[Stored items from a collection]
§

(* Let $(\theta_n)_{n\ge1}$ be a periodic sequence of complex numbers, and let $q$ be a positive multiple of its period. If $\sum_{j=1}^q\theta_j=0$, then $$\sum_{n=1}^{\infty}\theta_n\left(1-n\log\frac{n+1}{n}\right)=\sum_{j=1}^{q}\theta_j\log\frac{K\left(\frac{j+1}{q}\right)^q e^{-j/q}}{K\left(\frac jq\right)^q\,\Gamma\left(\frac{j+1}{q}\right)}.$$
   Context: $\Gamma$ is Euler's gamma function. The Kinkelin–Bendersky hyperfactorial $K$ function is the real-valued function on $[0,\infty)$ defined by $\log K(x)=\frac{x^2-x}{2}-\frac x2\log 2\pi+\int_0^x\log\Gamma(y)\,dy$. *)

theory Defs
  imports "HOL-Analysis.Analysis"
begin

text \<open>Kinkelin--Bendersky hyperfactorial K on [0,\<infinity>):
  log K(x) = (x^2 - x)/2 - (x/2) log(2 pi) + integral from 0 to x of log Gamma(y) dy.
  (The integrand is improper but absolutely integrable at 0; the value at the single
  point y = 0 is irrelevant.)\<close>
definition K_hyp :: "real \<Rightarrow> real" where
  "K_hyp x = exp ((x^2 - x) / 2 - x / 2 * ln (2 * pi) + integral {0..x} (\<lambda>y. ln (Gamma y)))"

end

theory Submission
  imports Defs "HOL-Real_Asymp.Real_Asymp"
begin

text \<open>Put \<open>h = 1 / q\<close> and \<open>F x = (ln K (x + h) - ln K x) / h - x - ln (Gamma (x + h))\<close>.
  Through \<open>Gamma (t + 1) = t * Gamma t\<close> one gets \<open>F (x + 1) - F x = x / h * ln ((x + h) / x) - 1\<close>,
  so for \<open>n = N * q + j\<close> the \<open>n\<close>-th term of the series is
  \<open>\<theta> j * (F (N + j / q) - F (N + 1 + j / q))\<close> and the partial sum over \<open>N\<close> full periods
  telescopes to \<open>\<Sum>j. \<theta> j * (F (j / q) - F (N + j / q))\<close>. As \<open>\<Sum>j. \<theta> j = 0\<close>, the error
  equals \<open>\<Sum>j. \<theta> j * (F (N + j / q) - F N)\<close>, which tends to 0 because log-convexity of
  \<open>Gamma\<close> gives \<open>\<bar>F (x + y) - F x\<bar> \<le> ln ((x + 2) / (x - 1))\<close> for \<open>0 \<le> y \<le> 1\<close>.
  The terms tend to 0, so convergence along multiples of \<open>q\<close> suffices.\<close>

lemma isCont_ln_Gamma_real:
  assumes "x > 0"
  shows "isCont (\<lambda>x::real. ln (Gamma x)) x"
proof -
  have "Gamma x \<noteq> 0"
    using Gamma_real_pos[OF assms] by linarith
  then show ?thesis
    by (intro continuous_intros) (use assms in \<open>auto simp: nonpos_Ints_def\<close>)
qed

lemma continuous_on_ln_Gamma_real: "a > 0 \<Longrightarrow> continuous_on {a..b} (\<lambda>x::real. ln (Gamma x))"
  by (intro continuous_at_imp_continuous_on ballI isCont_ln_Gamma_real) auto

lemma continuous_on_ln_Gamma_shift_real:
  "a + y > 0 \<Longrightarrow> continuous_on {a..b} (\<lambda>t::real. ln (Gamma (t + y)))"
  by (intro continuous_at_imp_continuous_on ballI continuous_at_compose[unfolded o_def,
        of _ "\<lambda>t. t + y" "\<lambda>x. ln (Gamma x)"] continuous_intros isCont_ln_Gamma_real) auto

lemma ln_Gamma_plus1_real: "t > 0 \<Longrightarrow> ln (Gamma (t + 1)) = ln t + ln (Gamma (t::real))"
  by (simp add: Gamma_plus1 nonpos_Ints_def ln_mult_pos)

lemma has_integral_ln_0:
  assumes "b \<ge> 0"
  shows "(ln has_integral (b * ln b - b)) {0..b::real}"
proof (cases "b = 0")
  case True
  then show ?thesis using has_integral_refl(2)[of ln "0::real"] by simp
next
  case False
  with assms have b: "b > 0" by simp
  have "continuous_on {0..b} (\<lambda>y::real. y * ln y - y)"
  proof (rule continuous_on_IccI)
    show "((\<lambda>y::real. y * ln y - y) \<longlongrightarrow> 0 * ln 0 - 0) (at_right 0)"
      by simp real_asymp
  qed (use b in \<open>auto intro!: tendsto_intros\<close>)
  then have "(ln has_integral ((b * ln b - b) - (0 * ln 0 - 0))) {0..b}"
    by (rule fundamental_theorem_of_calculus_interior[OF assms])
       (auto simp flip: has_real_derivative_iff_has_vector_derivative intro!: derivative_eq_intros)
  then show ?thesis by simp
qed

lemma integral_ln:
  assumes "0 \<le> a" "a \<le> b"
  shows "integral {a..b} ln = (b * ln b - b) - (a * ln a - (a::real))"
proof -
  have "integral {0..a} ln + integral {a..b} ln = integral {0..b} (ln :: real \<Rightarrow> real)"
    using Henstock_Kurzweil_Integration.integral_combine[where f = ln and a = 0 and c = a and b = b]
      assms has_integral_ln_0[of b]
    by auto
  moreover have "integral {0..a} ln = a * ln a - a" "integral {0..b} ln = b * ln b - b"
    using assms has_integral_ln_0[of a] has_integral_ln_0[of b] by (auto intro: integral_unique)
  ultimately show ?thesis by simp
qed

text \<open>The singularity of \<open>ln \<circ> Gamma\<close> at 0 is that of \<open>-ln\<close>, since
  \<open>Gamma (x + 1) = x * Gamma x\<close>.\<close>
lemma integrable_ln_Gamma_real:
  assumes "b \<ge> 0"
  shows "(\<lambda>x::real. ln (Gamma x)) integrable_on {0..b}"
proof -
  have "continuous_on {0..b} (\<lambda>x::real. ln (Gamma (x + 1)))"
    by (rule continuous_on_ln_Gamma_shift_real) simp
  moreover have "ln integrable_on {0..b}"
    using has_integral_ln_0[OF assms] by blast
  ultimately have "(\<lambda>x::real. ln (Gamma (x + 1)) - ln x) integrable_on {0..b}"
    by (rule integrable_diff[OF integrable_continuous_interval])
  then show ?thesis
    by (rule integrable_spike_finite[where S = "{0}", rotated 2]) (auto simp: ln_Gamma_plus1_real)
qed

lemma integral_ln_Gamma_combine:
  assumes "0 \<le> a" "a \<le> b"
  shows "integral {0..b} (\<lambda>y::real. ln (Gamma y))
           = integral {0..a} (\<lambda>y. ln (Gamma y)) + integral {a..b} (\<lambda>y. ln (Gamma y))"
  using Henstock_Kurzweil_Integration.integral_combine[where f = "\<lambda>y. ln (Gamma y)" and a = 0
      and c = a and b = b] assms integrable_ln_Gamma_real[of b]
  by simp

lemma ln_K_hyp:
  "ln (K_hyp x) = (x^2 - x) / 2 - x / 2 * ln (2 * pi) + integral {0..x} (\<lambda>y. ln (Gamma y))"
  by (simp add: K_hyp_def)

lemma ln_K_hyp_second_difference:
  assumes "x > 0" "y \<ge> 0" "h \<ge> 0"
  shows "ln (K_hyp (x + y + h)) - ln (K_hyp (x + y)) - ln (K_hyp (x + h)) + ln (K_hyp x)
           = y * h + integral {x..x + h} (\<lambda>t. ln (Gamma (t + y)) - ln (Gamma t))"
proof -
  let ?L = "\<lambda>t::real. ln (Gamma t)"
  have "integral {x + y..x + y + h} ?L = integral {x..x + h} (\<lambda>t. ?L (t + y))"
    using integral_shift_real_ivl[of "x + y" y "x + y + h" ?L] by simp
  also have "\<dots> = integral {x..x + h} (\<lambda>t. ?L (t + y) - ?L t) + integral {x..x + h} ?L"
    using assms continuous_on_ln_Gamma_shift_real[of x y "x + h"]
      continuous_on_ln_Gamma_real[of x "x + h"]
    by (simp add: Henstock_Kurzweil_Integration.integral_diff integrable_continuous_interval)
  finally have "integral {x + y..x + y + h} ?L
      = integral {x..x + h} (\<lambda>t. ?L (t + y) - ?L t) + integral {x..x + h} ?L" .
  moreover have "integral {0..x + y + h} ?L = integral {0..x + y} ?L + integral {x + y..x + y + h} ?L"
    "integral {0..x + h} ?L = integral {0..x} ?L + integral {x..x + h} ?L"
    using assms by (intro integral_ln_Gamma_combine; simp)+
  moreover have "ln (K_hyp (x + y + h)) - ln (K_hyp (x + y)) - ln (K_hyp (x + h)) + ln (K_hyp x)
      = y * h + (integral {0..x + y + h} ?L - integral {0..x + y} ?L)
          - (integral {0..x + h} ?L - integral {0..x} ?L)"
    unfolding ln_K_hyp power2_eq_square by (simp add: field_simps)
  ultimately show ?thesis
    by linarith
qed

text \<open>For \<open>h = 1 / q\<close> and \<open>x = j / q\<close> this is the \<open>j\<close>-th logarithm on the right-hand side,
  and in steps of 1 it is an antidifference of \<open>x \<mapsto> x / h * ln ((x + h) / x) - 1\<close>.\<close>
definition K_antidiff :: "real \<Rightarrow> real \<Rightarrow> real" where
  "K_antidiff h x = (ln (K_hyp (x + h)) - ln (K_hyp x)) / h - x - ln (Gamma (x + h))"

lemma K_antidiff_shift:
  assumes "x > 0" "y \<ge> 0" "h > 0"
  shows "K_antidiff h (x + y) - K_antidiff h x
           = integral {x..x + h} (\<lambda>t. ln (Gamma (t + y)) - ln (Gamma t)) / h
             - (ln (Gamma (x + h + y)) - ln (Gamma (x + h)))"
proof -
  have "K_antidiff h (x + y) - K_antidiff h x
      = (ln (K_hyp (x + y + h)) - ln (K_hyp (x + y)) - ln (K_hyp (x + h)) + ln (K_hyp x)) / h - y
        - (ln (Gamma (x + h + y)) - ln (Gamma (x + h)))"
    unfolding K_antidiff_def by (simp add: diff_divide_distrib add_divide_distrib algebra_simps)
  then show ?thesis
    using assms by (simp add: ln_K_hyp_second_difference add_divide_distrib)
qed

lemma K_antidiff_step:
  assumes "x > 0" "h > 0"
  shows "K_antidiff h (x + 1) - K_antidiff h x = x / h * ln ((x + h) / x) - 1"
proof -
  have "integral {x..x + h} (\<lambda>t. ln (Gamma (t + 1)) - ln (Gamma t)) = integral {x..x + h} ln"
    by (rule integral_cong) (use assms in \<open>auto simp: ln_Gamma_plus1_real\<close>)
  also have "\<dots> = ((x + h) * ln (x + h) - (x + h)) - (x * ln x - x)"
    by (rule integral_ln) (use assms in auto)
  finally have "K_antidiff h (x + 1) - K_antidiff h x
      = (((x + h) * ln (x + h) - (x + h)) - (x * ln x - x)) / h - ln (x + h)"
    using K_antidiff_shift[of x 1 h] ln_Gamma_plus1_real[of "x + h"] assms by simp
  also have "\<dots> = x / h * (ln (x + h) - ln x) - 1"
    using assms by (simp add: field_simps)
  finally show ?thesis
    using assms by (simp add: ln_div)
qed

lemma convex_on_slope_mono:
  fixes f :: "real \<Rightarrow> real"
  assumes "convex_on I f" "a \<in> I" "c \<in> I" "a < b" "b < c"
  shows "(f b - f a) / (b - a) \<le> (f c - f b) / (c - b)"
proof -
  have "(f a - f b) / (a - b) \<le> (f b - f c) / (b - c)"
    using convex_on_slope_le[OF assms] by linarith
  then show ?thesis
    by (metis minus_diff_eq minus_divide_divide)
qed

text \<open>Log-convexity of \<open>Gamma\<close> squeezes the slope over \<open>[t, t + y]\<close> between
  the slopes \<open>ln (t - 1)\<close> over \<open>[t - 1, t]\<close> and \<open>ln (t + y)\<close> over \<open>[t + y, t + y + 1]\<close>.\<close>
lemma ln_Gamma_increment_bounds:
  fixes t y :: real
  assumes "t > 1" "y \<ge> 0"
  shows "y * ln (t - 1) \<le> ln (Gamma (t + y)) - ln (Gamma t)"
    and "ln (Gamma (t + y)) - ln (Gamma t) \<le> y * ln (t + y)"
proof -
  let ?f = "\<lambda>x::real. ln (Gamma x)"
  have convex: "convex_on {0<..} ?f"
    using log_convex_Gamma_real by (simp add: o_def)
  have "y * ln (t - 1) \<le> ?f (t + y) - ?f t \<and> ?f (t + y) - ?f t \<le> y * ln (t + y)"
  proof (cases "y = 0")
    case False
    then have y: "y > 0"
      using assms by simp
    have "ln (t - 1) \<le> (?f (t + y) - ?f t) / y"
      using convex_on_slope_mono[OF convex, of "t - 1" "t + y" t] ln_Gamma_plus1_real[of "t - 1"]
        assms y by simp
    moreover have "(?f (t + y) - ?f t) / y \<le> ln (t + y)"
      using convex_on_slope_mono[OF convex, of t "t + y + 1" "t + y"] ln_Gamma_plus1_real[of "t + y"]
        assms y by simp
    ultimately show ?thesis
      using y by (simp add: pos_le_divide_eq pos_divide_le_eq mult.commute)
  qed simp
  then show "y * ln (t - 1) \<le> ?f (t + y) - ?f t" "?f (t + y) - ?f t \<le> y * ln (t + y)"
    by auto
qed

§

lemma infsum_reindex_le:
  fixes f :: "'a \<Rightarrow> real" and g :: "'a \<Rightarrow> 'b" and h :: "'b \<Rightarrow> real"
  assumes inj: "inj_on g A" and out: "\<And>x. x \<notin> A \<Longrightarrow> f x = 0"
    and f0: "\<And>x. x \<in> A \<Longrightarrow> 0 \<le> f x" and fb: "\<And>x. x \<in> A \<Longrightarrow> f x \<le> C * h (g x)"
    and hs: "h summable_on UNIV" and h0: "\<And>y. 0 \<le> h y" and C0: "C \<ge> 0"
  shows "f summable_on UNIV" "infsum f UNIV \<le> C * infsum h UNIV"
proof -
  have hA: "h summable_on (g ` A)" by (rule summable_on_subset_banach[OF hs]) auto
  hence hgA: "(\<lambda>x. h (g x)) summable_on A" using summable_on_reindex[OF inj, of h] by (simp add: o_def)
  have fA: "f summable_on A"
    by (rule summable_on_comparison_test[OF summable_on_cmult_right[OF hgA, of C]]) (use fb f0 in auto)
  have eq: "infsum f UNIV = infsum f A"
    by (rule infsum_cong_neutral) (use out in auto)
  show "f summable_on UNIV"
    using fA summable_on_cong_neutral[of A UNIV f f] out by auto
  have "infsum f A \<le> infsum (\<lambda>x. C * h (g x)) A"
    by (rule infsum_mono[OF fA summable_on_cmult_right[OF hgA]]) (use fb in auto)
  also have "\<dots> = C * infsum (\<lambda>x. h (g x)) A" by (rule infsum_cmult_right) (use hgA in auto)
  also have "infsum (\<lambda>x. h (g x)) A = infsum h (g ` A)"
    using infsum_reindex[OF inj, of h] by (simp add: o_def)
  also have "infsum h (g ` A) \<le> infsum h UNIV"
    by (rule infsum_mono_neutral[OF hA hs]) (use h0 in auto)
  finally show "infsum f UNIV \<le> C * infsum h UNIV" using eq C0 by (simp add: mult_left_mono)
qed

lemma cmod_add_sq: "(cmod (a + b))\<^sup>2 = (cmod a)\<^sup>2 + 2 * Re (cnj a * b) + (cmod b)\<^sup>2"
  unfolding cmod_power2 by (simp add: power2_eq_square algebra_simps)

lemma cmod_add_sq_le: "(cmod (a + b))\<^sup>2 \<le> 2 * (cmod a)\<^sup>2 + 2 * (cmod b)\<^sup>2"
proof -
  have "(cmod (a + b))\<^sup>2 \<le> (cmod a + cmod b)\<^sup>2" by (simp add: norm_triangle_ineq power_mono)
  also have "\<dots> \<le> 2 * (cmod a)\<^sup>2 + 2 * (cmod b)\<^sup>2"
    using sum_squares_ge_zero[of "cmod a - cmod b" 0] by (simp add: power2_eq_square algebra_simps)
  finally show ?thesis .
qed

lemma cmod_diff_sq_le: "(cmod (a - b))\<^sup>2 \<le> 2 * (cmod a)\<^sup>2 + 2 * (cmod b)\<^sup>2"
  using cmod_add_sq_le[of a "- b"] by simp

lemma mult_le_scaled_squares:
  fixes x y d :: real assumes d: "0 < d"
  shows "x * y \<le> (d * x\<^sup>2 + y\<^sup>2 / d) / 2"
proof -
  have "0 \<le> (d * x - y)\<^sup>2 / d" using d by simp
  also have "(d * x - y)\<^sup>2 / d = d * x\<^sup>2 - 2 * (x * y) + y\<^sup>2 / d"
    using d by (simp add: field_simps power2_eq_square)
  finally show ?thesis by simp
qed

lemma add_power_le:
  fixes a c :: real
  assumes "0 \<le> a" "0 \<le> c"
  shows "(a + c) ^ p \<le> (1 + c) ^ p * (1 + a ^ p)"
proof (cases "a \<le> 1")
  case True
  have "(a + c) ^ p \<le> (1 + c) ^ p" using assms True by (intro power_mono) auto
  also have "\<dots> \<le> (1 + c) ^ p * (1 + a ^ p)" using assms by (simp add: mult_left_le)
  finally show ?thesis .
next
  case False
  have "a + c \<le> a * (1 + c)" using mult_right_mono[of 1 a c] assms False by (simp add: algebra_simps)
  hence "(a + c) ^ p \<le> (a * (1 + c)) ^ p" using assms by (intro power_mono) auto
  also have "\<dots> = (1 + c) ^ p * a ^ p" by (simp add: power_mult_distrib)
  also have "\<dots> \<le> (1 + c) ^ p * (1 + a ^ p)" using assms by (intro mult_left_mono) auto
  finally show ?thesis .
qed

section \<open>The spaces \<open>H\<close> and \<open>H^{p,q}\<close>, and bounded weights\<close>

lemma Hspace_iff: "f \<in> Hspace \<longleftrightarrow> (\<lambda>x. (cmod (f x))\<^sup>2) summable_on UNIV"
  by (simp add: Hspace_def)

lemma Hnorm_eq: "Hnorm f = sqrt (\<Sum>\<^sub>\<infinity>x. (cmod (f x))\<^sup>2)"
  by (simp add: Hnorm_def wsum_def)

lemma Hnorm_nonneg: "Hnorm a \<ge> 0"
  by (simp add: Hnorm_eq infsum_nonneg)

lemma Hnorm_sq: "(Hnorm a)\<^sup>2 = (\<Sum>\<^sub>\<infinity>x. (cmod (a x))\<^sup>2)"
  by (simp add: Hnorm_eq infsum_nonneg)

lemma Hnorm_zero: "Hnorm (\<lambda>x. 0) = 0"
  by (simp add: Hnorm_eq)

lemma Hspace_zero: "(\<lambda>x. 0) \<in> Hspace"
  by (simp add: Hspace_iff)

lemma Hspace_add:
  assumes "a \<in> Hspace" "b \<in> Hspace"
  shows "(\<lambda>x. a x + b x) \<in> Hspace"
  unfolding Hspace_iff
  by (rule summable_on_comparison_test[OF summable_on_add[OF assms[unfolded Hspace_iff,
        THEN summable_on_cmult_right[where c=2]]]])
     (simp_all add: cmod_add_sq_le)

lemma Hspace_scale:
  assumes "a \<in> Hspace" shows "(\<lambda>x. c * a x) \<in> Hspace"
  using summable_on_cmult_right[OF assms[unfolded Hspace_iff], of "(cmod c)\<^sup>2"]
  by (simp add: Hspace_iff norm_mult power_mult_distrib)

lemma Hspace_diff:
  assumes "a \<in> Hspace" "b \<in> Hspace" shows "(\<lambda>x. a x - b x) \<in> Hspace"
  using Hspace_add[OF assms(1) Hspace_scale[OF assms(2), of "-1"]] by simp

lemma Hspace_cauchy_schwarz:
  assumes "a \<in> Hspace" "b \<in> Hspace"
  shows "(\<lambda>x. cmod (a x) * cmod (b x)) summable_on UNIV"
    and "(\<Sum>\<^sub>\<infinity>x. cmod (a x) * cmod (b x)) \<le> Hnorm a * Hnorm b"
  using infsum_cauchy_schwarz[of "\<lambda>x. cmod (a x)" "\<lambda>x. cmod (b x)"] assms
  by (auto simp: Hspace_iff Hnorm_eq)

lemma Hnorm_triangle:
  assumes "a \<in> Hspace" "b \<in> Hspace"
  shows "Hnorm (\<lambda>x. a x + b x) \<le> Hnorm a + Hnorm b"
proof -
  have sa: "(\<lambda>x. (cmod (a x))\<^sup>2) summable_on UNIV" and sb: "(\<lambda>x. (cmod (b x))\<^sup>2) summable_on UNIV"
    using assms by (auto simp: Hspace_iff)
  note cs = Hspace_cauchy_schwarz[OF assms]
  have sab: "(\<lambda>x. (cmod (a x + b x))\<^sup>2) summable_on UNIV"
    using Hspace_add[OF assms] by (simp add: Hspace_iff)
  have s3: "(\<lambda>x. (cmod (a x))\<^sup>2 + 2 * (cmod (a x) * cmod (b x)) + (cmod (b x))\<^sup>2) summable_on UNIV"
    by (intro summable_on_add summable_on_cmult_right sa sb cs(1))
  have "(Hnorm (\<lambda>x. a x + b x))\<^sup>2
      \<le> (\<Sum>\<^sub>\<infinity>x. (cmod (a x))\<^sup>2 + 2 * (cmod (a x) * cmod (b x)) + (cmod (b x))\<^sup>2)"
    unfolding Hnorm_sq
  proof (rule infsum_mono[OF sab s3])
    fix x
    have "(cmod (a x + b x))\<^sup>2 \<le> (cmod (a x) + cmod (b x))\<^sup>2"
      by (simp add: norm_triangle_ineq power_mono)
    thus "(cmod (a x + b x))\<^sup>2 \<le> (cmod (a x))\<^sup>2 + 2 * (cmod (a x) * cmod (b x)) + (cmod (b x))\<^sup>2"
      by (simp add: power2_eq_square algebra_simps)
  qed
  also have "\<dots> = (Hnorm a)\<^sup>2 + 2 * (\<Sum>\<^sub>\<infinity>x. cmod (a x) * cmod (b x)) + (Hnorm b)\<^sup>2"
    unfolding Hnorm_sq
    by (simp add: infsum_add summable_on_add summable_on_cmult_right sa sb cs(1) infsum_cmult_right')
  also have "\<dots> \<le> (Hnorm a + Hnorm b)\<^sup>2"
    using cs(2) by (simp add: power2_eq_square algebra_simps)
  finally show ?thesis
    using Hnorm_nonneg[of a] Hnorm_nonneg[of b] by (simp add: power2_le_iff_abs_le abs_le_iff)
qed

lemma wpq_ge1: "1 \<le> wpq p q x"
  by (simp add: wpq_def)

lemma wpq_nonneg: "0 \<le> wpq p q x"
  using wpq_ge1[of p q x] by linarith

§

**What this task involves**
In the data above, which lines lie between the line with "b) \<le> (f b" and the line with "using log_convex_Gamma_real by", inclusive? Print those lines exactly and nothing else.

**Output below**
  have "(f a - f b) / (a - b) \<le> (f b - f c) / (b - c)"
    using convex_on_slope_le[OF assms] by linarith
  then show ?thesis
    by (metis minus_diff_eq minus_divide_divide)
qed

text \<open>Log-convexity of \<open>Gamma\<close> squeezes the slope over \<open>[t, t + y]\<close> between
  the slopes \<open>ln (t - 1)\<close> over \<open>[t - 1, t]\<close> and \<open>ln (t + y)\<close> over \<open>[t + y, t + y + 1]\<close>.\<close>
lemma ln_Gamma_increment_bounds:
  fixes t y :: real
  assumes "t > 1" "y \<ge> 0"
  shows "y * ln (t - 1) \<le> ln (Gamma (t + y)) - ln (Gamma t)"
    and "ln (Gamma (t + y)) - ln (Gamma t) \<le> y * ln (t + y)"
proof -
  let ?f = "\<lambda>x::real. ln (Gamma x)"
  have convex: "convex_on {0<..} ?f"
    using log_convex_Gamma_real by (simp add: o_def)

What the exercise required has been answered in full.